#### [Work task]
Search the records for lines that contain the word "thesis". Copy them all.

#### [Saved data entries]

+ + + +

(* Let $\mathbf c:\mathbb R/l\mathbb Z\to\mathbb R^3$ ($l>0$) be an embedded $C^\infty$ regular curve and $C:=\mathbf c(\mathbb R/l\mathbb Z)$. Unless $C$ is a circle, $C$ has at most finitely many symmetries.
   Context: A symmetry of $C$ is an isometry $T$ of $\mathbb R^3$, different from the identity, with $T(C)=C$. *)

theory Defs
  imports "HOL-Analysis.Analysis"
begin

definition curve_deriv :: "nat \<Rightarrow> (real \<Rightarrow> 'a::real_normed_vector) \<Rightarrow> real \<Rightarrow> 'a" where
  "curve_deriv n c = ((\<lambda>f t. vector_derivative f (at t)) ^^ n) c"

definition smooth_curve :: "(real \<Rightarrow> 'a::real_normed_vector) \<Rightarrow> bool" where
  "smooth_curve c \<longleftrightarrow> (\<forall>n t. curve_deriv n c differentiable (at t))"

definition regular_curve :: "(real \<Rightarrow> 'a::real_normed_vector) \<Rightarrow> bool" where
  "regular_curve c \<longleftrightarrow> (\<forall>t. vector_derivative c (at t) \<noteq> 0)"

text \<open>A map R -> R^3 descending to an injective map on R/lZ:
  c s = c t iff s - t is an integer multiple of l.\<close>
definition embedded_closed_curve :: "real \<Rightarrow> (real \<Rightarrow> 'a) \<Rightarrow> bool" where
  "embedded_closed_curve l c \<longleftrightarrow> (\<forall>s t. c s = c t \<longleftrightarrow> (\<exists>k::int. s - t = of_int k * l))"

definition isometry :: "('a::metric_space \<Rightarrow> 'a) \<Rightarrow> bool" where
  "isometry T \<longleftrightarrow> (\<forall>x y. dist (T x) (T y) = dist x y)"

definition symmetries :: "'a::metric_space set \<Rightarrow> ('a \<Rightarrow> 'a) set" where
  "symmetries C = {T. isometry T \<and> T \<noteq> id \<and> T ` C = C}"

definition is_circle :: "(real^3) set \<Rightarrow> bool" where
  "is_circle C \<longleftrightarrow> (\<exists>p r n. r > 0 \<and> n \<noteq> 0 \<and> C = {x. dist x p = r \<and> (x - p) \<bullet> n = 0})"

end

theory Submission
  imports Defs
begin

text \<open>Every symmetry of the compact set \<open>C\<close> fixes its Chebyshev centre \<open>p\<close>, so the symmetries act
  on \<open>C - p\<close> as distinct orthogonal matrices. If there are infinitely many, two of them \<open>A\<close>, \<open>B\<close>
  are arbitrarily close, and \<open>A\<^sup>T B\<close> is a symmetry close to the identity; by Euler's theorem it
  is a rotation by a small positive angle about some axis. Letting the angles tend to zero along
  a subsequence with converging axes, the closed set \<open>C - p\<close> becomes invariant under all
  rotations about a fixed axis. A simple closed curve does not embed into a line, so some point
  of \<open>C\<close> lies off the axis and its orbit is a circle contained in \<open>C\<close>; finally a simple
  closed curve containing another one equals it, so \<open>C\<close> is that circle.\<close>

section \<open>Simple closed curves\<close>

lemma smooth_curve_continuous:
  assumes "smooth_curve c"
  shows "continuous_on UNIV c"
proof -
  have "c differentiable (at t)" for t
    using assms unfolding smooth_curve_def by (metis curve_deriv_def funpow_0)
  then show ?thesis
    by (simp add: continuous_at_imp_continuous_on differentiable_imp_continuous_within)
qed

lemma embedded_closed_curve_representative:
  assumes "embedded_closed_curve l c" "l > 0"
  obtains s' where "a \<le> s'" "s' < a + l" "c s' = c s"
proof
  define k where "k = \<lfloor>(s - a) / l\<rfloor>"
  have "of_int k \<le> (s - a) / l" "(s - a) / l < of_int k + 1"
    unfolding k_def by linarith+
  then have "of_int k * l \<le> s - a" "s - a < (of_int k + 1) * l"
    using assms(2) by (simp_all add: field_simps)
  then show "a \<le> s - of_int k * l" "s - of_int k * l < a + l"
    by (simp_all add: algebra_simps)
  have "(s - of_int k * l) - s = of_int (- k) * l" by simp
  then show "c (s - of_int k * l) = c s"
    using assms(1) unfolding embedded_closed_curve_def by blast
qed

lemma embedded_closed_curve_eqD:
  assumes "embedded_closed_curve l c" "l > 0" "c s = c t" "\<bar>s - t\<bar> < l"
  shows "s = t"
proof -
  obtain k :: int where k: "s - t = of_int k * l"
    using assms(1,3) unfolding embedded_closed_curve_def by blast
  then have "\<bar>of_int k\<bar> * l < 1 * l" using assms(2,4) by (simp add: abs_mult)
  then have "k = 0" using assms(2) by (simp only: mult_less_cancel_right) linarith
  then show ?thesis using k by simp
qed

lemma embedded_closed_curve_range:
  assumes "embedded_closed_curve l c" "l > 0"
  shows "range c = c ` {a..a+l}"
proof (intro equalityI subsetI)
  fix z assume "z \<in> range c"
  then obtain s where "z = c s" by blast
  with embedded_closed_curve_representative[OF assms] show "z \<in> c ` {a..a+l}"
    by (metis atLeastAtMost_iff image_eqI less_eq_real_def)
qed auto

lemma compact_range_embedded_closed_curve:
  assumes "embedded_closed_curve l c" "l > 0" "continuous_on UNIV c"
  shows "compact (range c)"
  unfolding embedded_closed_curve_range[OF assms(1,2), of 0]
  by (rule compact_continuous_image[OF continuous_on_subset[OF assms(3)]]) auto

lemma connected_range_embedded_closed_curve_minus_point:
  assumes "embedded_closed_curve l c" "l > 0" "continuous_on UNIV c"
  shows "connected (range c - {c t})"
proof -
  have "range c - {c t} = c ` {t<..<t+l}"
  proof (intro equalityI subsetI)
    fix z assume z: "z \<in> range c - {c t}"
    then obtain s where "z = c s" by blast
    then obtain s' where "t \<le> s'" "s' < t + l" "c s' = z"
      using embedded_closed_curve_representative[OF assms(1,2)] by metis
    with z show "z \<in> c ` {t<..<t+l}" by (intro image_eqI[of _ c s']) (auto simp: order_le_less)
  next
    fix z assume "z \<in> c ` {t<..<t+l}"
    then obtain s where s: "t < s" "s < t + l" "z = c s" by auto
    then have "c s \<noteq> c t" using embedded_closed_curve_eqD[OF assms(1,2), of s t] by auto
    then show "z \<in> range c - {c t}" using s by auto
  qed
  moreover have "connected (c ` {t<..<t+l})"
    by (rule connected_continuous_image[OF continuous_on_subset[OF assms(3)]]) auto
  ultimately show ?thesis by simp
qed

+ + + +

#### [Exercise solution]
  then show ?thesis
  then show ?thesis using k by simp
  ultimately show ?thesis by simp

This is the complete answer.